Department of Radiology, Peking University First Hospital, Beijing 100034, China.
Chin Med J (Engl). 2019 Jul 20;132(14):1673-1680. doi: 10.1097/CM9.0000000000000301.
Structured reports are not widely used and thus most reports exist in the form of free text. The process of data extraction by experts is time-consuming and error-prone, whereas data extraction by natural language processing (NLP) is a potential solution that could improve diagnosis efficiency and accuracy. The purpose of this study was to evaluate an NLP program that determines American College of Radiology Breast Imaging Reporting and Data System (BI-RADS) descriptors and final assessment categories from breast magnetic resonance imaging (MRI) reports.
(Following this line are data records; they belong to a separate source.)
lemma log_sqrt_barrier_estimate:
  fixes h1 h2 n11 n12 n22 nn11 nn12 nn22 Qd Qdd :: "'i \<Rightarrow> real"
  assumes n: "\<And>i. i \<in> I \<Longrightarrow> \<bar>n11 i\<bar> \<le> \<Lambda> \<and> \<bar>n12 i\<bar> \<le> \<Lambda> \<and> \<bar>n22 i\<bar> \<le> \<Lambda>
      \<and> \<bar>nn11 i\<bar> \<le> \<Lambda> \<and> \<bar>nn12 i\<bar> \<le> \<Lambda> \<and> \<bar>nn22 i\<bar> \<le> \<Lambda>"
    and h: "\<And>i. i \<in> I \<Longrightarrow> \<bar>h1 i\<bar> \<le> \<Lambda> \<and> \<bar>h2 i\<bar> \<le> \<Lambda>"
    and nz: "f1 \<noteq> 0 \<or> f2 \<noteq> 0"
    and Q: "Q = A22*f1\<^sup>2 - 2*A12*f1*f2 + A11*f2\<^sup>2"
    and Qd: "\<And>i. Qd i = n11 i * f1\<^sup>2 + 2 * n12 i * f1 * f2 + n22 i * f2\<^sup>2
               + 2 * ((A22*f1 - A12*f2) * p1 i + (A11*f2 - A12*f1) * p2 i)"
    and Qdd: "\<And>i. Qdd i = nn11 i * f1\<^sup>2 + 2 * nn12 i * f1 * f2 + nn22 i * f2\<^sup>2
               + 4 * (n11 i * f1 * p1 i + n12 i * (p1 i * f2 + f1 * p2 i) + n22 i * f2 * p2 i)
               + 2 * (A22 * f1 * h1 i - A12 * (h1 i * f2 + f1 * h2 i) + A11 * f2 * h2 i)
               + 2 * (A22 * (p1 i * p1 i) - 2 * A12 * (p1 i * p2 i) + A11 * (p2 i * p2 i))"
  shows "0 < Q"
    and "(\<Sum>i\<in>I. - Qdd i / Q + (Qd i)\<^sup>2 / Q\<^sup>2
            - barrier_K \<Lambda> d0 n * (Qdd i / (2 * sqrt Q) - (Qd i)\<^sup>2 / (4 * Q * sqrt Q)))
         \<le> barrier_C \<Lambda> d0 n"
proof -
  define \<rho> where "\<rho> = \<bar>f1\<bar> + \<bar>f2\<bar>"
  have \<rho>: "0 < \<rho>" using nz by (auto simp: \<rho>_def)
  have a: "0 < gram_bound \<Lambda> n"
    using gram_bound_ge[OF \<Lambda>(1)] \<Lambda>(1) by (smt (verit))
  then have c: "0 < adj_form_lower \<Lambda> d0 n"
    using d0 by (simp add: adj_form_lower_def)
  have Qb: "adj_form_lower \<Lambda> d0 n * \<rho>\<^sup>2 \<le> Q" "Q \<le> gram_bound \<Lambda> n * \<rho>\<^sup>2"
    using adj_form_bounds unfolding Q \<rho>_def by simp_all
  show "0 < Q"
    using Qb(1) c \<rho> by (smt (verit) mult_pos_pos zero_less_power)
  have E: "0 \<le> grad_error \<Lambda> n" "0 \<le> trace_error \<Lambda> n"
    using a \<Lambda>(1) by (simp_all add: grad_error_def trace_error_def)
  have W: "\<bar>(\<Sum>i\<in>I. (Qd i)\<^sup>2) - 4 * (A11*A22 - A12\<^sup>2) * Q\<bar> \<le> grad_error \<Lambda> n * \<rho> ^ 3"
    using adj_form_first_derivatives[of n11 n12 n22] n unfolding Qd Q \<rho>_def by blast
  have T: "\<bar>(\<Sum>i\<in>I. Qdd i) - 4 * (A11*A22 - A12\<^sup>2)\<bar> \<le> trace_error \<Lambda> n * \<rho>"
    using adj_form_second_derivatives[of n11 n12 n22 nn11 nn12 nn22 h1 h2] n h
    unfolding Qdd \<rho>_def by blast
  show "(\<Sum>i\<in>I. - Qdd i / Q + (Qd i)\<^sup>2 / Q\<^sup>2
            - barrier_K \<Lambda> d0 n * (Qdd i / (2 * sqrt Q) - (Qd i)\<^sup>2 / (4 * Q * sqrt Q)))
         \<le> barrier_C \<Lambda> d0 n"
    unfolding sum_log_sqrt_second_derivatives[OF \<open>0 < Q\<close>] barrier_C_def barrier_K_def
    by (rule log_sqrt_barrier_inequality[OF a c d0(1) \<rho> E d0(2) Qb W T])
qed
This cross-sectional study involved 2330 breast MRI reports in the electronic medical record from 2009 to 2017. We used 1635 reports for the creation of a revised BI-RADS MRI lexicon and synonyms lists as well as the iterative development of an NLP system. The remaining 695 reports that were not used for developing the system were used as an independent test set for the final evaluation of the NLP system. The recall and precision of an NLP algorithm to detect the revised BI-RADS MRI descriptors and BI-RADS categories from the free-text reports were evaluated against a standard reference of manual human review.
There was a high level of agreement between two manual reviewers, with a κ value of 0.95. For all breast imaging reports, the NLP algorithm demonstrated a recall of 78.5% and a precision of 86.1% for correct identification of the revised BI-RADS MRI descriptors and the BI-RADS categories. NLP generated the total results in <1 s, whereas the manual reviewers averaged 3.38 and 3.23 min per report, respectively.
The NLP algorithm demonstrates high recall and precision for information extraction from free-text reports. This approach will help to narrow the gap between unstructured report text and structured data, which is needed in decision support and other applications.
结构化报告并未得到广泛应用,因此大多数报告仍以自由文本的形式存在。专家进行数据提取的过程既耗时又容易出错,而自然语言处理(NLP)进行数据提取则是一种潜在的解决方案,它可以提高诊断效率和准确性。本研究的目的是评估一种 NLP 程序,该程序可从乳腺磁共振成像(MRI)报告中确定美国放射学院乳腺成像报告和数据系统(BI-RADS)的描述符和最终评估类别。
本横断面研究纳入了 2009 年至 2017 年电子病历中的 2330 份乳腺 MRI 报告。我们使用 1635 份报告来创建修订后的 BI-RADS MRI 词汇表和同义词列表,以及迭代开发 NLP 系统。剩下的 695 份未用于开发系统的报告被用作独立测试集,用于最终评估 NLP 系统。我们评估了 NLP 算法从自由文本报告中检测修订后的 BI-RADS MRI 描述符和 BI-RADS 类别的召回率和准确率,与手动人工审查的标准参考进行了比较。
两位手动审阅者之间存在高度一致性,κ 值为 0.95。对于所有乳腺影像学报告,NLP 算法在正确识别修订后的 BI-RADS MRI 描述符和 BI-RADS 类别方面的召回率为 78.5%,准确率为 86.1%。NLP 在不到 1 秒的时间内生成全部结果,而手动审阅者分别需要 3.38 分钟和 3.23 分钟来完成每份报告。
NLP 算法在从自由文本报告中提取信息方面具有较高的召回率和准确率。这种方法将有助于缩小非结构化报告文本和结构化数据之间的差距,这是决策支持和其他应用程序所需要的。